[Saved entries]
────────────────

lemma avg_PiE_compose_permutation:
  fixes \<pi> :: "'i \<Rightarrow> 'i" and Y :: "'a set"
  assumes \<pi>: "bij_betw \<pi> I I" and fin: "finite I" "finite Y"
  shows "avg (PiE I (\<lambda>_. Y)) (\<lambda>x. h (restrict (x \<circ> \<pi>) I)) = avg (PiE I (\<lambda>_. Y)) h"
proof -
  define X where "X = PiE I (\<lambda>_. Y)"
  define \<sigma> where "\<sigma> = (\<lambda>x :: 'i \<Rightarrow> 'a. restrict (x \<circ> \<pi>) I)"
  have into: "\<sigma> ` X \<subseteq> X"
    using \<pi> by (fastforce simp: \<sigma>_def X_def bij_betw_def)
  have "inj_on \<sigma> X"
  proof (rule inj_onI)
    fix x y assume xy: "x \<in> X" "y \<in> X" "\<sigma> x = \<sigma> y"
    show "x = y"
    proof (rule PiE_ext[OF xy(1,2)[unfolded X_def]])
      fix i assume "i \<in> I"
      then have "i \<in> \<pi> ` I" using \<pi> by (simp add: bij_betw_def)
      then obtain j where "j \<in> I" "\<pi> j = i" by blast
      then show "x i = y i" using fun_cong[OF xy(3), of j] by (simp add: \<sigma>_def)
    qed
  qed
  moreover have "\<sigma> ` X = X"
    using fin by (intro endo_inj_surj[OF _ into calculation]) (simp add: X_def finite_PiE)
  ultimately have "bij_betw \<sigma> X X" by (simp add: bij_betw_def)
  then have "(\<Sum>x\<in>X. h (\<sigma> x)) = (\<Sum>x\<in>X. h x)" by (rule sum.reindex_bij_betw)
  then show ?thesis unfolding avg_def X_def \<sigma>_def by simp
qed

text \<open>Relabelling the users by a permutation that maps A to A' preserves the uniform
  distribution of the placement.\<close>
lemma avg_pulldown_prob_level_set_eq:
  fixes K q r :: nat
  assumes A: "A \<subseteq> {..<K}" and A': "A' \<subseteq> {..<K}" and c: "card A = card A'"
  shows "avg (PiE {..<K} (\<lambda>_. {..<q})) (\<lambda>x. pulldown_prob g A' {k\<in>{..<K}. x k = r})
       = avg (PiE {..<K} (\<lambda>_. {..<q})) (\<lambda>x. pulldown_prob g A {k\<in>{..<K}. x k = r})"
proof -
  obtain \<pi> where \<pi>: "bij_betw \<pi> {..<K} {..<K}" "\<pi> ` A = A'"
    using ex_bij_betw_image_eq[OF _ A A' c] by auto
  have "pulldown_prob g A {k\<in>{..<K}. restrict (x \<circ> \<pi>) {..<K} k = r}
      = pulldown_prob g A' {k\<in>{..<K}. x k = r}" for x
  proof -
    have "{k\<in>{..<K}. restrict (x \<circ> \<pi>) {..<K} k = r} = {k\<in>{..<K}. x (\<pi> k) = r}"
      by auto
    moreover have "\<pi> ` {k\<in>{..<K}. x (\<pi> k) = r} = {k\<in>{..<K}. x k = r}"
      using \<pi>(1) by (auto simp: bij_betw_def)
    moreover have "pulldown_prob g A {k\<in>{..<K}. x (\<pi> k) = r}
        = pulldown_prob g (\<pi> ` A) (\<pi> ` {k\<in>{..<K}. x (\<pi> k) = r})"
      using \<pi>(1) A by (intro pulldown_prob_image[symmetric]) (auto simp: bij_betw_def)
    ultimately show ?thesis using \<pi>(2) by simp
  qed
  then show ?thesis
    using avg_PiE_compose_permutation[OF \<pi>(1), of "{..<q}" "\<lambda>x. pulldown_prob g A {k\<in>{..<K}. x k = r}"]
    by simp
qed

text \<open>By symmetry all g-subsets of users have the same average, and these averages sum to at
  most 1.\<close>
lemma avg_pulldown_prob_level_set_le:
  fixes K q r :: nat
  assumes A: "A \<subseteq> {..<K}" "card A = g" and q: "q > 0" and gK: "g \<le> K"
  shows "avg (PiE {..<K} (\<lambda>_. {..<q})) (\<lambda>x. pulldown_prob g A {k\<in>{..<K}. x k = r})
         \<le> 1 / real (K choose g)"
proof -
  define X where "X = PiE {..<K} (\<lambda>_. {..<q})"
  define \<A> where "\<A> = {B. B \<subseteq> {..<K} \<and> card B = g}"
  have X: "finite X" "X \<noteq> {}" using q by (auto simp: X_def PiE_eq_empty_iff intro!: finite_PiE)
  have "(\<Sum>A'\<in>\<A>. avg X (\<lambda>x. pulldown_prob g A' {k\<in>{..<K}. x k = r}))
      = (\<Sum>A'\<in>\<A>. avg X (\<lambda>x. pulldown_prob g A {k\<in>{..<K}. x k = r}))"
    unfolding X_def using A by (intro sum.cong refl avg_pulldown_prob_level_set_eq) (auto simp: \<A>_def)
  also have "\<dots> = real (K choose g) * avg X (\<lambda>x. pulldown_prob g A {k\<in>{..<K}. x k = r})"
    using n_subsets[of "{..<K}" g] by (simp add: \<A>_def)
  finally have "real (K choose g) * avg X (\<lambda>x. pulldown_prob g A {k\<in>{..<K}. x k = r})
      = (\<Sum>A'\<in>\<A>. avg X (\<lambda>x. pulldown_prob g A' {k\<in>{..<K}. x k = r}))" ..
  also have "\<dots> = avg X (\<lambda>x. \<Sum>A'\<in>\<A>. pulldown_prob g A' {k\<in>{..<K}. x k = r})"
    by (rule avg_sum[symmetric])
  also have "\<dots> \<le> avg X (\<lambda>_. 1)"
    unfolding \<A>_def by (intro avg_mono sum_pulldown_prob_le_1) auto
  finally have "real (K choose g) * avg X (\<lambda>x. pulldown_prob g A {k\<in>{..<K}. x k = r}) \<le> 1"
    using X by (simp add: avg_const)
  then show ?thesis
    using gK unfolding X_def by (simp add: field_simps)
qed

lemma indicator_card_less_le_prod_exp:
  fixes x :: "nat \<Rightarrow> 'a"
  shows "(if card {k\<in>{..<K}. x k = r} < g then 1 else 0)
   \<le> exp (real g - 1) * (\<Prod>k<K. if x k = r then exp (-1) else (1::real))"
proof -
  have "(if card {k\<in>{..<K}. x k = r} < g then 1 else 0)
      \<le> exp (real g - 1 - real (card {k\<in>{..<K}. x k = r}))"
    by (auto simp: of_nat_less_iff[symmetric] simp del: of_nat_less_iff)
  also have "\<dots> = exp (real g - 1) * exp (-1 * real (card {k\<in>{..<K}. x k = r}))"
    by (simp add: exp_add[symmetric])
  also have "exp (-1 * real (card {k\<in>{..<K}. x k = r})) = (\<Prod>k<K. if x k = r then exp (-1) else 1)"
    by (rule exp_mult_card_eq_prod)
  finally show ?thesis .
qed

────────────────

▶ [Task goal] What is asked for is an exact copy of the lines above from the one containing "(simp add: \<A>_def)" through the one containing "by (simp add: exp_add[symmetric])", and only those.

▶ [Exercise solution]
    using n_subsets[of "{..<K}" g] by (simp add: \<A>_def)
  finally have "real (K choose g) * avg X (\<lambda>x. pulldown_prob g A {k\<in>{..<K}. x k = r})
      = (\<Sum>A'\<in>\<A>. avg X (\<lambda>x. pulldown_prob g A' {k\<in>{..<K}. x k = r}))" ..
  also have "\<dots> = avg X (\<lambda>x. \<Sum>A'\<in>\<A>. pulldown_prob g A' {k\<in>{..<K}. x k = r})"
    by (rule avg_sum[symmetric])
  also have "\<dots> \<le> avg X (\<lambda>_. 1)"
    unfolding \<A>_def by (intro avg_mono sum_pulldown_prob_le_1) auto
  finally have "real (K choose g) * avg X (\<lambda>x. pulldown_prob g A {k\<in>{..<K}. x k = r}) \<le> 1"
    using X by (simp add: avg_const)
  then show ?thesis
    using gK unfolding X_def by (simp add: field_simps)
qed

lemma indicator_card_less_le_prod_exp:
  fixes x :: "nat \<Rightarrow> 'a"
  shows "(if card {k\<in>{..<K}. x k = r} < g then 1 else 0)
   \<le> exp (real g - 1) * (\<Prod>k<K. if x k = r then exp (-1) else (1::real))"
proof -
  have "(if card {k\<in>{..<K}. x k = r} < g then 1 else 0)
      \<le> exp (real g - 1 - real (card {k\<in>{..<K}. x k = r}))"
    by (auto simp: of_nat_less_iff[symmetric] simp del: of_nat_less_iff)
  also have "\<dots> = exp (real g - 1) * exp (-1 * real (card {k\<in>{..<K}. x k = r}))"
    by (simp add: exp_add[symmetric])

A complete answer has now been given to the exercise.